Fuel Optimal Guidance Law For Powered Descent Mars Landing

With the deepening researched about external space exploration activities, the exploration tasks have not limited in the earth and the moon, which have extended to planets and comets. The types of exploration tasks have been developed from flying-by, surrounded detection and hard landing to the soft landing and sampling return in recent years. The process of powered descending aims at completing the finial landing task, which is an important phase for studying planets closely.
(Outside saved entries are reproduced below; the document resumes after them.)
lemma mills_ratio_antimono:
  assumes "x \<le> y"
  shows "(1 - F y) / f y \<le> (1 - F x) / f x"
proof -
  define G where "G u = (F (x + u) - F x) * f y - (F (y + u) - F y) * f x" for u
  have G_mono: "G 0 \<le> G u" if "0 \<le> u" for u
  proof (rule DERIV_nonneg_imp_nondecreasing[OF that])
    fix z assume "0 \<le> z" "z \<le> u"
    have "(G has_real_derivative f (x + z) * f y - f (y + z) * f x) (at z)"
      unfolding G_def by (auto intro!: derivative_eq_intros)
    moreover have "0 \<le> f (x + z) * f y - f (y + z) * f x"
      using density_shift_ratio_antimono[OF assms \<open>0 \<le> z\<close>] by (simp add: mult.commute)
    ultimately show "\<exists>d. (G has_real_derivative d) (at z) \<and> 0 \<le> d"
      by blast
  qed
  have G_nonneg: "\<forall>\<^sub>F u in at_top. 0 \<le> G u"
    using eventually_ge_at_top[of 0] by (rule eventually_mono) (use G_mono in \<open>simp add: G_def\<close>)
  have "(G \<longlongrightarrow> (1 - F x) * f y - (1 - F y) * f x) at_top"
    unfolding G_def by (intro tendsto_intros F_shift_at_top)
  then have "0 \<le> (1 - F x) * f y - (1 - F y) * f x"
    using G_nonneg by (rule tendsto_lowerbound) simp
  then show ?thesis
    by (simp add: divide_simps density_pos)
qed

lemma virtual_value_strict_mono: "strict_mono virtual_value"
proof (rule strict_monoI)
  show "virtual_value x < virtual_value y" if "x < y" for x y
    using that mills_ratio_antimono[of x y] by (simp add: virtual_value_def)
qed

lemma isCont_virtual_value: "isCont virtual_value x"
  unfolding virtual_value_def
  by (intro continuous_intros isCont_F isCont_density density_nonzero)

lemma virtual_value_surj: "\<exists>p. virtual_value p = c"
proof -
  define h where "h = (1 - F c) / f c"
  have "0 < h"
    using F_less_1 density_pos by (simp add: h_def)
  moreover have "virtual_value c \<le> c" "c \<le> virtual_value (c + h)"
    using \<open>0 < h\<close> mills_ratio_antimono[of c "c + h"] by (simp_all add: virtual_value_def h_def)
  ultimately show ?thesis
    using IVT[of virtual_value c c "c + h"] isCont_virtual_value by auto
qed

lemma monopoly_price_eqI:
  assumes "virtual_value p = c"
  shows "monopoly_price c = p"
  unfolding monopoly_price_def
proof (rule the_equality)
  show "virtual_value p' = c \<Longrightarrow> p' = p" for p'
    using assms strict_mono_eq[OF virtual_value_strict_mono, of p' p] by simp
qed (fact assms)

lemma virtual_value_monopoly_price: "virtual_value (monopoly_price c) = c"
  using virtual_value_surj monopoly_price_eqI by metis

lemma less_monopoly_price: "c < monopoly_price c"
proof -
  have "0 < (1 - F (monopoly_price c)) / f (monopoly_price c)"
    using F_less_1 density_pos by simp
  then show ?thesis
    using virtual_value_monopoly_price[of c] by (simp add: virtual_value_def)
qed

lemma isCont_monopoly_price: "isCont monopoly_price c"
proof -
  have "isCont monopoly_price (virtual_value (monopoly_price c))"
    by (rule isCont_inverse_function[of 1]) (auto simp: monopoly_price_eqI isCont_virtual_value)
  then show ?thesis
    by (simp add: virtual_value_monopoly_price)
qed

lemma monopoly_price_optimal: "(p - c) * (1 - F p) \<le> monopoly_profit c"
proof -
  define q where "q = monopoly_price c"
  define \<pi> where "\<pi> p = (p - c) * (1 - F p)" for p
  have \<pi>_deriv: "(\<pi> has_real_derivative f z * (c - virtual_value z)) (at z)" for z
  proof -
    have "(\<pi> has_real_derivative (1 - F z) - (z - c) * f z) (at z)"
      unfolding \<pi>_def by (auto intro!: derivative_eq_intros)
    moreover have "(1 - F z) - (z - c) * f z = f z * (c - virtual_value z)"
      using density_pos[of z] by (simp add: virtual_value_def field_simps)
    ultimately show ?thesis by simp
  qed
  have below: "virtual_value z \<le> c \<longleftrightarrow> z \<le> q" and above: "c \<le> virtual_value z \<longleftrightarrow> q \<le> z" for z
    using strict_mono_less_eq[OF virtual_value_strict_mono]
    by (metis q_def virtual_value_monopoly_price)+
  have "\<pi> p \<le> \<pi> q"
  proof (cases "p \<le> q")
    case True
    then show ?thesis
    proof (rule DERIV_nonneg_imp_nondecreasing)
      fix z assume "p \<le> z" "z \<le> q"
      then have "0 \<le> f z * (c - virtual_value z)"
        using below density_pos[of z] by simp
      then show "\<exists>d. (\<pi> has_real_derivative d) (at z) \<and> 0 \<le> d"
        using \<pi>_deriv by blast
    qed
  next
    case False
    then have "q \<le> p" by simp
    then show ?thesis
    proof (rule DERIV_nonpos_imp_nonincreasing)
      fix z assume "q \<le> z" "z \<le> p"
      then have "f z * (c - virtual_value z) \<le> 0"
        using above density_pos[of z] by (simp add: mult_le_0_iff)
      then show "\<exists>d. (\<pi> has_real_derivative d) (at z) \<and> d \<le> 0"
        using \<pi>_deriv by blast
    qed
  qed
  then show ?thesis
    by (simp add: \<pi>_def q_def monopoly_profit_def)
qed

lemma monopoly_profit_deriv:
  "(monopoly_profit has_real_derivative - (1 - F (monopoly_price c))) (at c)"
proof (rule DERIV_continuous_subgradient)
  show "monopoly_profit c + (d - c) * - (1 - F (monopoly_price c)) \<le> monopoly_profit d" for c d
    using monopoly_price_optimal[of "monopoly_price c" d]
    by (simp add: monopoly_profit_def algebra_simps)
  show "isCont (\<lambda>c. - (1 - F (monopoly_price c))) c"
    by (intro continuous_intros isCont_o2[OF isCont_monopoly_price isCont_F])
qed

lemma strict_mono_profit_balance:
  assumes symmetric: "\<And>x. f (m + x) = f (m - x)"
  shows "strict_mono (\<lambda>c. c + monopoly_profit c - monopoly_profit (2 * m - c))"
proof -
  define W where "W c = c + monopoly_profit c - monopoly_profit (2 * m - c)" for c
  have W_deriv: "(W has_real_derivative F (monopoly_price z) - (1 - F (monopoly_price (2 * m - z)))) (at z)"
    for z
  proof -
    have "((\<lambda>c. monopoly_profit (2 * m - c)) has_real_derivative
        - (1 - F (monopoly_price (2 * m - z))) * - 1) (at z)"
      by (rule DERIV_chain2[OF monopoly_profit_deriv]) (auto intro!: derivative_eq_intros)
    then have "(W has_real_derivative
        1 + - (1 - F (monopoly_price z)) - (- (1 - F (monopoly_price (2 * m - z))) * - 1)) (at z)"
      unfolding W_def[abs_def] by (intro DERIV_diff DERIV_add DERIV_ident monopoly_profit_deriv)
    then show ?thesis
      by (rule DERIV_cong) simp
  qed
  have W_deriv_pos: "0 < F (monopoly_price z) - (1 - F (monopoly_price (2 * m - z)))" for z
  proof -
    have "2 * m - monopoly_price (2 * m - z) < monopoly_price z"
      using less_monopoly_price[of z] less_monopoly_price[of "2 * m - z"] by simp
    then have "F (2 * m - monopoly_price (2 * m - z)) < F (monopoly_price z)"
      by (rule strict_monoD[OF F_strict_mono])
    moreover have "F (2 * m - monopoly_price (2 * m - z)) = 1 - F (monopoly_price (2 * m - z))"
      using F_symmetric[OF symmetric, of "monopoly_price (2 * m - z) - m"] by simp
    ultimately show ?thesis
      by simp
  qed
  have "strict_mono W"
  proof (rule strict_monoI)
    show "W a < W b" if "a < b" for a b
      by (rule DERIV_pos_imp_increasing[OF that]) (use W_deriv W_deriv_pos in blast)
  qed
  then show ?thesis
    by (simp add: W_def[abs_def])
qed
In order to meet the needs of reliability and fuel consumption, fuel-optimal trajectory optimization and the optimal tracking guidance strategy are researched deeply, which contains certain aspects as follows:Firstly, the motion equation is obtained by simplifying, and the trajectory optimization problem is transformed into the convex optimization problem, which can be solved. By the trajectory optimization, plenty of fuel-optimal trajectories are obtained with different initial states, which will be used in the following researches.Secondly, a tracking guidance law based on the second-order sliding mode is proposed. The classical variable structure control has certain shortcomings, such as the chattering phenomenon, the slow dynamic response rate and low robustness under atmospheric disturbances, therefore, a finite-time convergence second-order sliding mode with robustness is designed. Theories prove the existence, accessibility and robustness. The proposed sliding mode based tracking guidance law is deduced, which is shown effective in the numerical simulation.Thirdly, in order to save the storage space, a new method of the fuel-optimal trajectory is put forward, which is defined as way-points in this paper. New way-points are defined according to the thrust change rule, which combined with Linear Guidance Law(LGL) to constitute a new guidance strategy. The new guidance strategy can not only have the optimality of fuel, but also save the storage space compared with the classical nominal trajectory guidance. Then, the way-points with atypical initial positions are obtained by linear interpolation and cubic spline interpolation respectively, which are proved effective in the numerical simulation.